白衣のボタンは上までキッチリと、文字通り一分の隙もなく留められている。


教壇に美しい双丘山脈を押し付けるどころか、背筋を定規のように伸ばした彼女の佇まいは、千年の血脈たる藤原・平家の「冷徹なる支配」そのもの。


赤メガネの奥の瞳には、熱を帯びたグラデーションなど微塵もなく、ただただ底辺のノイズを忌み嫌う「ツンツンの100乗」の威圧感だけが脈動していた。


「あ、あれ……? 朝まで付きっきりの、大人の特別補習は……?」


マヌケな声を出す俺のデスクから、薫子先生は長い指先で、俺の『真紅の西進模試の紅本』を乱暴に、文字通りパージするように弾き飛ばした。


床に落ちて、パサリと虚しい音を立てる赤本。

「寝言は、西進模試の偏差値をせめて『50』まで上げてから仰ることね」


薫子先生は、冷酷な知性の赤メガネをパキリと指先で押し上げ、俺の白紙の解答用紙を冷たく見下ろした。


「問4の読解記述、ジャスト33字で埋めて悦に浸っているようだけれど……文脈が完全に崩壊しているわ。部分点すら与える価値のない、正真正銘の『0点(スコアゼロ)』。あなたのその泥臭いノイズとやらは、我が祖先(平家)の歴史をハックするどころか、ただの文字数の無駄遣いよ」


「ゼロ点……ッ!?」


「当然でしょう。去勢されたモブ以下の脳波ね。土曜日の【アカデミック大階段教室】の一斉ランキング戦、あなたには一番下のドブ席がお似合いだわ。
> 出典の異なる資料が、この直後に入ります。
lemma c2_ge_cap_packing:
  fixes i j :: "'n::finite"
  assumes "0 \<le> \<delta>" and "\<delta> < 1" and "i \<noteq> j"
    and "c\<^sup>2 + s\<^sup>2 = 1" and "t\<^sup>2 + w\<^sup>2 = 1" and "0 \<le> c" and "c < t" and "0 \<le> s" and "0 \<le> w"
    and "2 + 2 * c < 4 * t\<^sup>2" and "\<delta> \<le> c * t - s * w"
  shows "2 * w\<^sup>2 / (3 * real CARD('n)) \<le> c2 \<delta> i j"
proof -
  define \<mu> where "\<mu> = measure (sphere_unif :: (real^'n) measure) (cap i \<delta>)"
  define \<mu>\<^sub>t where "\<mu>\<^sub>t = measure (sphere_unif :: (real^'n) measure) (cap i t)"
  define d where "d = real CARD('n)"
  define m where "m = cap_second_moment i \<delta> j"
  have "0 < \<mu>" unfolding \<mu>_def using assms(1,2) by (rule measure_sphere_unif_cap_pos)
  have "card {i, j} \<le> CARD('n)" by (rule card_mono) auto
  then have "2 \<le> d" using assms(3) by (simp add: d_def)
  have "3 * \<mu>\<^sub>t \<le> \<mu>" unfolding \<mu>_def \<mu>\<^sub>t_def using assms(3-) by (rule three_caps_packing)
  then have "w\<^sup>2 * ((2/3) * \<mu>) \<le> w\<^sup>2 * (\<mu> - \<mu>\<^sub>t)" by (intro mult_left_mono) auto
  also have "\<dots> \<le> (d - 1) * m"
    using cap_second_moment_axis_bound[OF assms(1,5), of i] cap_second_moment_off_axis[OF assms(3), of \<delta>]
    by (simp add: \<mu>_def \<mu>\<^sub>t_def d_def m_def)
  finally have moment: "w\<^sup>2 * ((2/3) * \<mu>) \<le> (d - 1) * m" .
  moreover have "0 \<le> w\<^sup>2 * ((2/3) * \<mu>)" using \<open>0 < \<mu>\<close> by simp
  ultimately have "0 \<le> (d - 1) * m" by linarith
  then have "0 \<le> m" using \<open>2 \<le> d\<close> by (simp add: zero_le_mult_iff)
  with moment have "2 * w\<^sup>2 * \<mu> \<le> 3 * d * m" by (simp add: algebra_simps)
  then have "2 * w\<^sup>2 / (3 * d) \<le> m / \<mu>"
    using \<open>0 < \<mu>\<close> \<open>2 \<le> d\<close> by (simp add: field_simps)
  also have "m / \<mu> = c2 \<delta> i j"
    by (simp add: c2_def cond_expect_event_def m_def cap_second_moment_def \<mu>_def cap_def)
  finally show ?thesis by (simp add: d_def)
qed

theorem lemma6:
  fixes \<delta> :: real and i j :: "'n::finite"
  assumes "0 < \<delta>" and "\<delta> < 1" and "i \<noteq> j"
  shows "c2 \<delta> i j \<ge> 1 / (3 * real CARD('n)) * (3/4 - \<delta>/2 - \<delta>\<^sup>2/4) ^ 3"
proof -
  obtain c s t w where "c\<^sup>2 + s\<^sup>2 = 1" and "t\<^sup>2 + w\<^sup>2 = 1" and "0 \<le> c" and "c < t" and "0 \<le> s"
    and "0 \<le> w" and "2 + 2 * c < 4 * t\<^sup>2" and "\<delta> \<le> c * t - s * w"
    and K: "(3/4 - \<delta>/2 - \<delta>\<^sup>2/4) ^ 3 \<le> 2 * w\<^sup>2"
    using cap_packing_parameters[OF assms(1,2)] by blast
  then have "2 * w\<^sup>2 / (3 * real CARD('n)) \<le> c2 \<delta> i j"
    using assms by (intro c2_ge_cap_packing) auto
  moreover have "(3/4 - \<delta>/2 - \<delta>\<^sup>2/4) ^ 3 / (3 * real CARD('n)) \<le> 2 * w\<^sup>2 / (3 * real CARD('n))"
    using K by (intro divide_right_mono) auto
  ultimately show ?thesis by simp
qed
これ以上私の視界を汚さないで頂戴」


ツンデレの「デレ」など、この平静京の頂点たる【ナンバーズ39】には1分子も存在しなかった。


薫子先生は完全に俺を一瞥もくれず、ヒールの音を冷たく教室に響かせながら、教壇へと戻っていく。


その瞬間――。


教壇の目の前、最前列センターに陣取る二人の「歴史の番人」が、ゆっくりと最後列を振り返った。


「くすっ……。


一瞬だけパッションを放ったかと思えば、ただの身の程知らずな妄想(バグ)だったのね、那須創」


最前列センター左側、早瀬詩織(ナンバーズ41)が、その高貴な【裸眼】で俺を哀れむように見下ろし、クスリと冷笑を漏らした。彼女の背後で鳴り響くモーツァルト『交響曲第41番(ジュピター)』は、今や創の妄想を完璧に嘲笑う最高神の凱歌(ファンファーレ)と化していた。


嫉妬のパッションなどどこにもない。


そこにあるのは、絶対的王者の「格の違い」だけだった。


「時間の無駄だったな、詩織」


最前列センター右側、葛城零(ナンバーズ40)もまた、哀愁のモーツァルト『交響曲第40番』のコードをまといながら、冷徹に鼻で笑った。


「システムを拒絶する裸眼を持つかと思えば、己の脳内システムすら調律できないバカだ。

土曜日の大階段教室で、その西進模試33点のプライドごと、物理的に塵にしてやる」


二人の絶対王者は、俺に完全なる絶望(冷笑)を叩きつけると、前を向いて美しい裸眼でホログラムノートを同時に閉じた。


静まり返る教室。


床に転がる、泥臭い西進模試の紅本。


最前列のツイン・トップからの容赦ない冷笑と、藤平薫子先生の「ツンツンの100乗」という冷酷な現実。



(くそっ……全部俺の妄想だったのかよ……!)


だが、俺は学ランの袖で顔を拭うと、床に落ちた真紅の赤本を、もう一度乱暴に拾い上げた。


0点。冷笑。ツンツンの100乗。


上等じゃねえか。



綺麗に調律された100点満点のエリートどもに、この現実の底辺から、今度こそ本物の「偏差値33の破壊(ノイズ)」を叩きつけてやる。


月曜一限のクラシック・レジスタンスは、一浪生の完全なる妄想敗北(バグ・パージ)から、本当の、血を吐くような泥臭い復讐劇へとアセンドを始めたのだった。